Convert the dataframe to amplicons x samples depth table. 

In [121]:
depth_df = dfs.pivot(columns='sample', index='amplicon', values='depth')
depth_df.head(2)

sample,Calvin_01,Calvin_02,Calvin_03,Calvin_04,Calvin_05,Calvin_06,Calvin_07,Calvin_08,Calvin_09,Calvin_10,...,VK7_dead_34,VK7_dead_34_dil,VK7_dead_35,VK7_dead_36,VK7_dead_37,VK7_dead_38,VK7_dead_39,VK7_dead_40,VK7_dead_41,VK7_dead_42
amplicon,Unnamed: 1_level_1,Unnamed: 2_level_1,Unnamed: 3_level_1,Unnamed: 4_level_1,Unnamed: 5_level_1,Unnamed: 6_level_1,Unnamed: 7_level_1,Unnamed: 8_level_1,Unnamed: 9_level_1,Unnamed: 10_level_1,Unnamed: 11_level_1,Unnamed: 12_level_1,Unnamed: 13_level_1,Unnamed: 14_level_1,Unnamed: 15_level_1,Unnamed: 16_level_1,Unnamed: 17_level_1,Unnamed: 18_level_1,Unnamed: 19_level_1,Unnamed: 20_level_1,Unnamed: 21_level_1
Agam_1,68.0,19.0,50.0,70.0,25.0,32.0,8.0,74.0,28.0,36.0,...,61.0,12.0,157.0,78.0,101.0,124.0,158.0,126.0,79.0,89.0
Agam_10,222.0,40.0,174.0,198.0,109.0,75.0,10.0,226.0,49.0,130.0,...,86.0,11.0,236.0,114.0,171.0,155.0,234.0,204.0,150.0,202.0


Calculate the total reads per amplicon, and the total reads per sample.

In [109]:
tot_per_amplicon = depth_df.sum(axis=1)
tot_per_sample = depth_df.sum(axis=0)

In [None]:
# sort the dataframe by total depth per amplicon and sample.
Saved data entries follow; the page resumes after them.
lemma double_diag_bip_feasible:
  assumes "\<mu> \<in> roommate_feasible n"
  shows "double_diag \<mu> \<in> bip_feasible n n"
proof -
  have row: "(\<Sum>y\<in>UNIV. double_diag \<mu> x y) \<le> n x" for x
    using assms unfolding roommate_feasible_def sum_double_diag_row by blast
  have "double_diag \<mu> x y = double_diag \<mu> y x" for x y
    using assms by (simp add: roommate_feasible_def double_diag_def)
  with row show ?thesis
    unfolding bip_feasible_def by simp
qed

lemma W_P_le_W_B: "W_P n \<Phi> \<le> W_B n n (\<lambda>x y. \<Phi> x y / 2)"
proof -
  obtain \<mu> where \<mu>: "\<mu> \<in> roommate_feasible n" and opt: "W_P n \<Phi> = roommate_surplus \<mu> \<Phi>"
    using W_P_attained by blast
  show ?thesis
    using bip_value_le_W_B[OF double_diag_bip_feasible[OF \<mu>]]
    unfolding opt roommate_surplus_double_diag .
qed

abbreviation bip_value :: "('x::finite \<Rightarrow> 'x \<Rightarrow> real) \<Rightarrow> ('x \<Rightarrow> 'x \<Rightarrow> real) \<Rightarrow> real" where
  "bip_value \<nu> \<Psi> \<equiv> \<Sum>(x, y)\<in>UNIV. \<nu> x y * \<Psi> x y"

lemma mult_le_times_abs:
  fixes a b p :: real
  assumes "0 \<le> a" "a \<le> b"
  shows "a * p \<le> b * \<bar>p\<bar>"
  using assms by (meson abs_ge_self abs_ge_zero mult_left_mono mult_right_mono order_trans)

lemma bip_feasible_real_nonneg: "\<nu> \<in> bip_feasible_real f g \<Longrightarrow> 0 \<le> \<nu> x y"
  by (simp add: bip_feasible_real_def)

lemma bip_feasible_real_le:
  fixes \<nu> :: "'x::finite \<Rightarrow> 'x \<Rightarrow> real"
  assumes "\<nu> \<in> bip_feasible_real f g"
  shows "\<nu> x y \<le> f x"
proof -
  have "\<nu> x y \<le> (\<Sum>y\<in>UNIV. \<nu> x y)"
    using assms by (intro member_le_sum) (auto simp: bip_feasible_real_def)
  also have "\<dots> \<le> f x" using assms by (simp add: bip_feasible_real_def)
  finally show ?thesis .
qed

lemma bip_value_le_W_B_real:
  fixes \<nu> :: "'x::finite \<Rightarrow> 'x \<Rightarrow> real"
  assumes "\<nu> \<in> bip_feasible_real f g"
  shows "bip_value \<nu> \<Psi> \<le> W_B_real f g \<Psi>"
proof -
  have "bip_value \<nu>' \<Psi> \<le> (\<Sum>(x, y)\<in>UNIV. f x * \<bar>\<Psi> x y\<bar>)" if "\<nu>' \<in> bip_feasible_real f g" for \<nu>'
    using that bip_feasible_real_nonneg[OF that] bip_feasible_real_le[OF that]
    by (intro sum_mono) (auto intro: mult_le_times_abs)
  then have "bdd_above ((\<lambda>\<nu>. bip_value \<nu> \<Psi>) ` bip_feasible_real f g)"
    by (intro bdd_aboveI2)
  then show ?thesis
    unfolding W_B_real_def using assms by (intro cSup_upper) auto
qed

lemma W_B_real_least:
  fixes f g :: "'x::finite \<Rightarrow> real"
  assumes "\<And>x. 0 \<le> f x" "\<And>y. 0 \<le> g y"
    and "\<And>\<nu>. \<nu> \<in> bip_feasible_real f g \<Longrightarrow> bip_value \<nu> \<Psi> \<le> c"
  shows "W_B_real f g \<Psi> \<le> c"
proof -
  have "(\<lambda>x y. 0) \<in> bip_feasible_real f g"
    using assms(1,2) by (simp add: bip_feasible_real_def)
  then show ?thesis
    unfolding W_B_real_def using assms(3) by (intro cSup_least) auto
qed

lemma bip_feasible_real_scale:
  fixes \<nu> :: "'x::finite \<Rightarrow> 'x \<Rightarrow> real"
  assumes "0 < c" "\<nu> \<in> bip_feasible_real f g"
  shows "(\<lambda>x y. c * \<nu> x y) \<in> bip_feasible_real (\<lambda>x. c * f x) (\<lambda>y. c * g y)"
  using assms by (simp add: bip_feasible_real_def flip: sum_distrib_left)

lemma bip_value_scale:
  fixes \<nu> :: "'x::finite \<Rightarrow> 'x \<Rightarrow> real"
  shows "bip_value (\<lambda>x y. c * \<nu> x y) \<Psi> = c * bip_value \<nu> \<Psi>"
  by (simp add: sum_distrib_left case_prod_beta mult.assoc)

lemma W_B_real_scale_le:
  fixes f g :: "'x::finite \<Rightarrow> real"
  assumes c: "0 < c" and "\<And>x. 0 \<le> f x" "\<And>y. 0 \<le> g y"
  shows "W_B_real (\<lambda>x. c * f x) (\<lambda>y. c * g y) \<Psi> \<le> c * W_B_real f g \<Psi>"
proof (rule W_B_real_least)
  fix \<nu> assume "\<nu> \<in> bip_feasible_real (\<lambda>x. c * f x) (\<lambda>y. c * g y)"
  then have "(\<lambda>x y. inverse c * \<nu> x y)
      \<in> bip_feasible_real (\<lambda>x. inverse c * (c * f x)) (\<lambda>y. inverse c * (c * g y))"
    using c by (intro bip_feasible_real_scale) auto
  moreover have "(\<lambda>x. inverse c * (c * h x)) = h" for h :: "'x \<Rightarrow> real"
    using c by (simp add: fun_eq_iff)
  ultimately have "(\<lambda>x y. inverse c * \<nu> x y) \<in> bip_feasible_real f g"
    by simp
  from bip_value_le_W_B_real[OF this, of \<Psi>]
  have "inverse c * bip_value \<nu> \<Psi> \<le> W_B_real f g \<Psi>"
    unfolding bip_value_scale .
  then show "bip_value \<nu> \<Psi> \<le> c * W_B_real f g \<Psi>"
    using c by (simp add: field_simps)
qed (use assms in auto)

lemma W_B_real_divide:
  fixes f g :: "'x::finite \<Rightarrow> real"
  assumes c: "0 < c" and "\<And>x. 0 \<le> f x" "\<And>y. 0 \<le> g y"
  shows "W_B_real (\<lambda>x. f x / c) (\<lambda>y. g y / c) \<Psi> = W_B_real f g \<Psi> / c"
proof (rule antisym)
  show "W_B_real (\<lambda>x. f x / c) (\<lambda>y. g y / c) \<Psi> \<le> W_B_real f g \<Psi> / c"
    using W_B_real_scale_le[of "inverse c" f g \<Psi>] assms by (simp add: field_simps)
  have "W_B_real f g \<Psi> \<le> c * W_B_real (\<lambda>x. f x / c) (\<lambda>y. g y / c) \<Psi>"
    using W_B_real_scale_le[of c "\<lambda>x. f x / c" "\<lambda>y. g y / c" \<Psi>] assms by simp
  then show "W_B_real f g \<Psi> / c \<le> W_B_real (\<lambda>x. f x / c) (\<lambda>y. g y / c) \<Psi>"
    using c by (simp add: field_simps)
qed

lemma W_B_le_W_B_real: "W_B n m \<Psi> \<le> W_B_real (\<lambda>x. real (n x)) (\<lambda>y. real (m y)) \<Psi>"
proof -
  obtain \<nu> where \<nu>: "\<nu> \<in> bip_feasible n m" and opt: "W_B n m \<Psi> = bip_value (\<lambda>x y. real (\<nu> x y)) \<Psi>"
    using W_B_attained by blast
  from \<nu> have "(\<lambda>x y. real (\<nu> x y)) \<in> bip_feasible_real (\<lambda>x. real (n x)) (\<lambda>y. real (m y))"
    by (simp add: bip_feasible_def bip_feasible_real_def flip: of_nat_sum)
  then show ?thesis
    unfolding opt by (rule bip_value_le_W_B_real)
qed

definition round_roommate :: "('x \<Rightarrow> 'x \<Rightarrow> real) \<Rightarrow> 'x \<Rightarrow> 'x \<Rightarrow> nat" where
  "round_roommate s x y = (if x = y then nat \<lfloor>s x y / 2\<rfloor> else nat \<lfloor>s x y\<rfloor>)"

lemma double_diag_round_roommate:
  assumes "0 \<le> s x y"
  shows "real (double_diag (round_roommate s) x y) \<le> s x y"
    and "s x y \<le> real (double_diag (round_roommate s) x y) + 2"
proof -
  have floor: "of_int \<lfloor>t\<rfloor> \<le> t" "t \<le> of_int \<lfloor>t\<rfloor> + 1" for t :: real
    using of_int_floor_le[of t] real_of_int_floor_add_one_gt[of t] by linarith+
  have "real (double_diag (round_roommate s) x y) \<le> s x y \<and> s x y \<le> real (double_diag (round_roommate s) x y) + 2"
  proof (cases "x = y")
    case True
    then have "real (double_diag (round_roommate s) x y) = 2 * of_int \<lfloor>s x y / 2\<rfloor>"
      using assms by (simp add: double_diag_def round_roommate_def of_nat_nat)
    then show ?thesis using floor[of "s x y / 2"] by linarith
  next
    case False
    then have "real (double_diag (round_roommate s) x y) = of_int \<lfloor>s x y\<rfloor>"
      using assms by (simp add: double_diag_def round_roommate_def of_nat_nat)
    then show ?thesis using floor[of "s x y"] by linarith
  qed
  then show "real (double_diag (round_roommate s) x y) \<le> s x y"
    and "s x y \<le> real (double_diag (round_roommate s) x y) + 2"
    by auto
qed

lemma roommate_rounding:
  fixes s :: "'x::finite \<Rightarrow> 'x \<Rightarrow> real" and n :: "'x \<Rightarrow> nat"
  assumes nonneg: "\<And>x y. 0 \<le> s x y" and sym: "\<And>x y. s x y = s y x"
    and row: "\<And>x. (\<Sum>y\<in>UNIV. s x y) \<le> real (n x)"
  shows "round_roommate s \<in> roommate_feasible n"
    and "bip_value s (\<lambda>x y. \<Phi> x y / 2) \<le> roommate_surplus (round_roommate s) \<Phi> + (\<Sum>(x, y)\<in>UNIV. \<bar>\<Phi> x y\<bar>)"
proof -
  let ?\<mu> = "round_roommate s"
  note bounds = double_diag_round_roommate[of s, OF nonneg]
  have "real (2 * ?\<mu> x x + (\<Sum>y\<in>UNIV - {x}. ?\<mu> x y)) \<le> real (n x)" for x
  proof -
    have "real (2 * ?\<mu> x x + (\<Sum>y\<in>UNIV - {x}. ?\<mu> x y)) = (\<Sum>y\<in>UNIV. real (double_diag ?\<mu> x y))"
      unfolding sum_double_diag_row[symmetric] by simp
    also have "\<dots> \<le> (\<Sum>y\<in>UNIV. s x y)" using bounds(1) by (rule sum_mono)
    finally show ?thesis using row[of x] by linarith
  qed
  then show "?\<mu> \<in> roommate_feasible n"
    unfolding roommate_feasible_def of_nat_le_iff by (simp add: round_roommate_def sym)
  have "bip_value s (\<lambda>x y. \<Phi> x y / 2)
      \<le> (\<Sum>(x, y)\<in>UNIV. real (double_diag ?\<mu> x y) * (\<Phi> x y / 2) + \<bar>\<Phi> x y\<bar>)"
  proof (intro sum_mono, clarify)
    fix x y
    have "(s x y - real (double_diag ?\<mu> x y)) * (\<Phi> x y / 2) \<le> 2 * \<bar>\<Phi> x y / 2\<bar>"
      using bounds[of x y] by (intro mult_le_times_abs) auto
    then show "s x y * (\<Phi> x y / 2) \<le> real (double_diag ?\<mu> x y) * (\<Phi> x y / 2) + \<bar>\<Phi> x y\<bar>"
      by (simp add: algebra_simps)
  qed
  then show "bip_value s (\<lambda>x y. \<Phi> x y / 2) \<le> roommate_surplus ?\<mu> \<Phi> + (\<Sum>(x, y)\<in>UNIV. \<bar>\<Phi> x y\<bar>)"
    by (simp add: roommate_surplus_double_diag sum.distrib case_prod_beta)
qed

lemma bip_value_symmetrize:
  fixes \<nu> \<Psi> :: "'x::finite \<Rightarrow> 'x \<Rightarrow> real"
  assumes "\<And>x y. \<Psi> x y = \<Psi> y x"
  shows "bip_value \<nu> \<Psi> = bip_value (\<lambda>x y. (\<nu> x y + \<nu> y x) / 2) \<Psi>"
proof -
  have "bip_value (\<lambda>x y. \<nu> y x) \<Psi> = bip_value \<nu> \<Psi>"
    using sum_pairs_transpose[of "\<lambda>y x. \<nu> x y * \<Psi> y x"] assms by simp
  then show ?thesis
    by (simp add: add_divide_distrib distrib_right sum.distrib case_prod_beta flip: sum_divide_distrib)
qed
Not necessary. 

# sample_order = tot_per_sample.sort_values().to_frame().reset_index()['sample'].to_list()
# amplicon_order = tot_per_amplicon.sort_values().to_frame().reset_index()['amplicon'].to_list()
# depth_df = depth_df.loc[amplicon_order, sample_order]

Divide each value in the amplicon x sample table by the total reads per amplicon to get the fraction of amplicon/target reads. 

In [120]:
fraction_df = depth_df.divide(tot_per_amplicon, axis=0)

Find the median target fraction across all samples.

In [123]:
med_read_fractions = fraction_df.median(axis=1)
med_read_fractions

amplicon
Agam_1     3.857433e-08
Agam_10    1.576085e-08
Agam_11    3.033801e-08
Agam_12    1.377803e-08
Agam_13    6.351626e-08
               ...     
Agam_8     9.922454e-08
Agam_80    3.358414e-08
Agam_81    0.000000e+00
Agam_82    0.000000e+00
Agam_9     3.697632e-08
Length: 82, dtype: float64

And the total sum of the median read fractions...

In [125]:
med_read_fraction_sum = med_read_fractions.sum()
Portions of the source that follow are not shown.